theorem subset_square_of_few_boundary_edges:
  assumes A: "A \<subseteq> grid_V n" "induces_connected A" "induces_connected (grid_V n - A)"
    and pq: "p \<in> grid_V n" "q \<in> grid_V n" "l1dist p q = 1" "(p \<in> A) \<noteq> (q \<in> A)"
    and r: "1 \<le> r" "4 * r < 2^n"
    and few: "card (edge_boundary (grid_E n) A \<inter> square p (2*r) \<times> square p (2*r)) < nat r"
  shows "A \<subseteq> square p (2*r) \<or> grid_V n - A \<subseteq> square p (2*r)"
proof -
  obtain xl xr yb yt \<tau> where inside: "p \<in> {xl<..<xr} \<times> {yb<..<yt}" "q \<in> {xl<..<xr} \<times> {yb<..<yt}"
    and small: "{xl<..<xr} \<times> {yb<..<yt} \<inter> grid_V n \<subseteq> square p (2*r)"
    and frame: "\<forall>w \<in> rectangle_frame xl xr yb yt \<inter> grid_V n. (w \<in> A) = \<tau>"
    using exists_one_sided_frame[OF pq(1-3) r few] by blast
  define D where "D = (if \<tau> then grid_V n - A else A)"
  have D: "induces_connected D" "D \<subseteq> grid_V n"
    using A by (auto simp: D_def)
  have "D \<inter> rectangle_frame xl xr yb yt = {}"
    using frame D(2) by (auto simp: D_def)
  moreover have "p \<in> D \<or> q \<in> D"
    using pq by (auto simp: D_def)
  ultimately have "D \<subseteq> {xl<..<xr} \<times> {yb<..<yt}"
    using induces_connected_subset_open_rectangle[OF D(1)] inside by blast
  with small D(2) have "D \<subseteq> square p (2*r)" by blast
  then show ?thesis by (auto simp: D_def split: if_splits)
qed

lemma card_boundary_vertices_le:
  assumes "P \<subseteq> grid_V n" "\<And>p. p \<in> P \<Longrightarrow> \<exists>q\<in>grid_V n. l1dist p q = 1 \<and> (p \<in> A) \<noteq> (q \<in> A)"
  shows "card P \<le> 2 * card (edge_boundary (grid_E n) A)"
proof -
  let ?B = "edge_boundary (grid_E n) A"
  have fin: "finite ?B" by (rule finite_edge_boundary[OF finite_grid_E])
  have "P \<subseteq> fst ` ?B \<union> snd ` ?B"
  proof
    fix p assume "p \<in> P"
    then obtain q where "p \<in> grid_V n" "q \<in> grid_V n" "l1dist p q = 1" "(p \<in> A) \<noteq> (q \<in> A)"
      using assms by blast
    from adjacent_mem_edge_boundary[OF this] show "p \<in> fst ` ?B \<union> snd ` ?B" by force
  qed
  then have "card P \<le> card (fst ` ?B \<union> snd ` ?B)"
    using fin by (intro card_mono) auto
  also have "\<dots> \<le> card (fst ` ?B) + card (snd ` ?B)" by (rule card_Un_le)
  also have "\<dots> \<le> card ?B + card ?B" using fin by (intro add_mono card_image_le)
  finally show ?thesis by simp
qed

lemma card_edge_boundary_near_ge:
  assumes A: "A \<subseteq> grid_V n" "induces_connected A" "induces_connected (grid_V n - A)"
    and pq: "p \<in> grid_V n" "q \<in> grid_V n" "l1dist p q = 1" "(p \<in> A) \<noteq> (q \<in> A)"
    and r: "1 \<le> r" "8 * r < l1diam A" "8 * r < l1diam (grid_V n - A)"
  shows "nat r \<le> card (edge_boundary (grid_E n) A \<inter> square p (2*r) \<times> square p (2*r))"
proof (rule ccontr)
  assume few: "\<not> ?thesis"
  have "real_of_int (4 * r) < real_of_int (2^n)"
    using l1diam_grid_V_le[OF A(1)] r(2) by simp
  then have "4 * r < 2^n" by (simp only: of_int_less_iff)
  then have "A \<subseteq> square p (2*r) \<or> grid_V n - A \<subseteq> square p (2*r)"
    using subset_square_of_few_boundary_edges[OF A pq r(1)] few by simp
  moreover have "finite A" "finite (grid_V n - A)"
    using finite_subset[OF A(1) finite_grid_V] finite_grid_V by auto
  ultimately have "l1diam A \<le> 4 * (2 * r) \<or> l1diam (grid_V n - A) \<le> 4 * (2 * r)"
    using l1diam_le_of_subset_square[of _ p "2 * r"] r(1) by auto
  then show False using r(2,3) by linarith
qed

lemma card_separated_boundary_vertices_mult_le:
  assumes A: "A \<subseteq> grid_V n" "induces_connected A" "induces_connected (grid_V n - A)"
    and P: "P \<subseteq> grid_V n" "\<And>p. p \<in> P \<Longrightarrow> \<exists>q\<in>grid_V n. l1dist p q = 1 \<and> (p \<in> A) \<noteq> (q \<in> A)"
    and sep: "\<And>p p'. p \<in> P \<Longrightarrow> p' \<in> P \<Longrightarrow> p \<noteq> p' \<Longrightarrow> s \<le> l1dist p p'"
    and s: "s \<le> l1diam A" "s \<le> l1diam (grid_V n - A)"
    and r: "1 \<le> r" "8 * r < s"
  shows "card P * nat r \<le> card (edge_boundary (grid_E n) A)"
proof -
  let ?B = "edge_boundary (grid_E n) A"
  define near where "near p = ?B \<inter> square p (2*r) \<times> square p (2*r)" for p
  have fin: "finite ?B" "finite P" "finite (near p)" for p
    using finite_edge_boundary[OF finite_grid_E] finite_subset[OF P(1) finite_grid_V]
    unfolding near_def by auto
  have many: "nat r \<le> card (near p)" if "p \<in> P" for p
    using P that card_edge_boundary_near_ge[OF A, of p _ r] r s unfolding near_def by fastforce
  have disjoint: "near p \<inter> near p' = {}" if "p \<in> P" "p' \<in> P" "p \<noteq> p'" for p p'
  proof (rule ccontr)
    assume "near p \<inter> near p' \<noteq> {}"
    then obtain v where "v \<in> square p (2*r)" "v \<in> square p' (2*r)" unfolding near_def by auto
    then have "l1dist p p' \<le> 4 * (2 * r)" by (rule l1dist_le_of_square_inter)
    then show False using sep[OF that] r(2) by linarith
  qed
  have "card P * nat r \<le> (\<Sum>p\<in>P. card (near p))"
    using sum_bounded_below[of P "nat r" "\<lambda>p. card (near p)"] many by (simp add: mult.commute)
  also have "\<dots> = card (\<Union>p\<in>P. near p)"
    using fin disjoint by (intro card_UN_disjoint[symmetric]) auto
  also have "\<dots> \<le> card ?B"
    using fin by (intro card_mono) (auto simp: near_def)
  finally show ?thesis .
qed

theorem card_separated_boundary_vertices_le:
  assumes A: "A \<subseteq> grid_V n" "induces_connected A" "induces_connected (grid_V n - A)"
    and P: "P \<subseteq> grid_V n" "\<And>p. p \<in> P \<Longrightarrow> \<exists>q\<in>grid_V n. l1dist p q = 1 \<and> (p \<in> A) \<noteq> (q \<in> A)"
    and sep: "\<And>p p'. p \<in> P \<Longrightarrow> p' \<in> P \<Longrightarrow> p \<noteq> p' \<Longrightarrow> s \<le> l1dist p p'"
    and s: "0 < s" "s \<le> l1diam A" "s \<le> l1diam (grid_V n - A)"
  shows "card P \<le> 16 * card (edge_boundary (grid_E n) A) / s"
proof (cases "s \<le> 8")
  case True
  have "real (card P) \<le> 2 * card (edge_boundary (grid_E n) A)"
    using card_boundary_vertices_le[OF P] by linarith
  also have "\<dots> \<le> 16 * card (edge_boundary (grid_E n) A) / s"
    using True s(1) by (simp add: field_simps mult_right_mono)
  finally show ?thesis .
next
  case False
  define r where "r = \<lceil>s / 8\<rceil> - 1"
  have two: "2 \<le> \<lceil>s / 8\<rceil>" using False by (simp add: le_ceiling_iff)
  have "real_of_int \<lceil>s / 8\<rceil> - 1 < s / 8" "s / 8 \<le> real_of_int \<lceil>s / 8\<rceil>"
    "real_of_int r = real_of_int \<lceil>s / 8\<rceil> - 1" "2 \<le> real_of_int \<lceil>s / 8\<rceil>"
    using ceiling_correct[of "s / 8"] two unfolding r_def by auto
  then have r: "1 \<le> r" "8 * r < s" "s \<le> 16 * r"
    by linarith+
  have "real (card P * nat r) \<le> card (edge_boundary (grid_E n) A)"
    using card_separated_boundary_vertices_mult_le[OF A P sep s(2,3) r(1,2)] by linarith
  then have "real (card P) * r \<le> card (edge_boundary (grid_E n) A)"
    using r(1) by simp
  then have "card P \<le> card (edge_boundary (grid_E n) A) / r"
    using r(1) by (simp add: field_simps)
  also have "\<dots> = 16 * card (edge_boundary (grid_E n) A) / (16 * r)"
    by simp
  also have "\<dots> \<le> 16 * card (edge_boundary (grid_E n) A) / s"
    by (rule divide_left_mono) (use r(1,3) s(1) in auto)
  finally show ?thesis .
qed

section \<open>A discrete co-area inequality\<close>

lemma sum_abs_diff_min_top_level:
  fixes f :: "'a \<Rightarrow> real"
  assumes E: "E \<subseteq> V \<times> V" "finite E"
    and levels: "M' < M" "\<forall>v\<in>V. f v \<le> M' \<or> f v = M"
  shows "(\<Sum>e\<in>E. \<bar>f (fst e) - f (snd e)\<bar>)
    = (\<Sum>e\<in>E. \<bar>min (f (fst e)) M' - min (f (snd e)) M'\<bar>)
      + (M - M') * card (edge_boundary E {v \<in> V. M' < f v})"
proof -
  let ?A = "{v \<in> V. M' < f v}"
  have edge: "\<bar>f (fst e) - f (snd e)\<bar>
      = \<bar>min (f (fst e)) M' - min (f (snd e)) M'\<bar> + (M - M') * (if e \<in> edge_boundary E ?A then 1 else 0)"
    if "e \<in> E" for e
  proof -
    have "fst e \<in> V" "snd e \<in> V" using E(1) that by auto
    then have "f (fst e) \<le> M' \<or> f (fst e) = M" "f (snd e) \<le> M' \<or> f (snd e) = M"
      using levels(2) by blast+
    then show ?thesis
      using levels(1) that \<open>fst e \<in> V\<close> \<open>snd e \<in> V\<close> unfolding edge_boundary_def
      by (auto simp: min_def abs_if)
  qed
  have "(\<Sum>e\<in>E. \<bar>f (fst e) - f (snd e)\<bar>)
      = (\<Sum>e\<in>E. \<bar>min (f (fst e)) M' - min (f (snd e)) M'\<bar>)
        + (M - M') * (\<Sum>e\<in>E. if e \<in> edge_boundary E ?A then 1 else 0)"
    by (simp add: edge sum.distrib sum_distrib_left)
  also have "(\<Sum>e\<in>E. if e \<in> edge_boundary E ?A then 1 else 0 :: real) = card (edge_boundary E ?A)"
    using E(2) by (simp add: sum.If_cases edge_boundary_def Int_absorb2 Int_def)
  finally show ?thesis .
qed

::::

[Problem to work on] Set down exactly the lines from the start of the records to the line with "then obtain q". Include that line, and add nothing more.

[Exercise response]
theorem subset_square_of_few_boundary_edges:
  assumes A: "A \<subseteq> grid_V n" "induces_connected A" "induces_connected (grid_V n - A)"
    and pq: "p \<in> grid_V n" "q \<in> grid_V n" "l1dist p q = 1" "(p \<in> A) \<noteq> (q \<in> A)"
    and r: "1 \<le> r" "4 * r < 2^n"
    and few: "card (edge_boundary (grid_E n) A \<inter> square p (2*r) \<times> square p (2*r)) < nat r"
  shows "A \<subseteq> square p (2*r) \<or> grid_V n - A \<subseteq> square p (2*r)"
proof -
  obtain xl xr yb yt \<tau> where inside: "p \<in> {xl<..<xr} \<times> {yb<..<yt}" "q \<in> {xl<..<xr} \<times> {yb<..<yt}"
    and small: "{xl<..<xr} \<times> {yb<..<yt} \<inter> grid_V n \<subseteq> square p (2*r)"
    and frame: "\<forall>w \<in> rectangle_frame xl xr yb yt \<inter> grid_V n. (w \<in> A) = \<tau>"
    using exists_one_sided_frame[OF pq(1-3) r few] by blast
  define D where "D = (if \<tau> then grid_V n - A else A)"
  have D: "induces_connected D" "D \<subseteq> grid_V n"
    using A by (auto simp: D_def)
  have "D \<inter> rectangle_frame xl xr yb yt = {}"
    using frame D(2) by (auto simp: D_def)
  moreover have "p \<in> D \<or> q \<in> D"
    using pq by (auto simp: D_def)
  ultimately have "D \<subseteq> {xl<..<xr} \<times> {yb<..<yt}"
    using induces_connected_subset_open_rectangle[OF D(1)] inside by blast
  with small D(2) have "D \<subseteq> square p (2*r)" by blast
  then show ?thesis by (auto simp: D_def split: if_splits)
qed

lemma card_boundary_vertices_le:
  assumes "P \<subseteq> grid_V n" "\<And>p. p \<in> P \<Longrightarrow> \<exists>q\<in>grid_V n. l1dist p q = 1 \<and> (p \<in> A) \<noteq> (q \<in> A)"
  shows "card P \<le> 2 * card (edge_boundary (grid_E n) A)"
proof -
  let ?B = "edge_boundary (grid_E n) A"
  have fin: "finite ?B" by (rule finite_edge_boundary[OF finite_grid_E])
  have "P \<subseteq> fst ` ?B \<union> snd ` ?B"
  proof
    fix p assume "p \<in> P"
    then obtain q where "p \<in> grid_V n" "q \<in> grid_V n" "l1dist p q = 1" "(p \<in> A) \<noteq> (q \<in> A)"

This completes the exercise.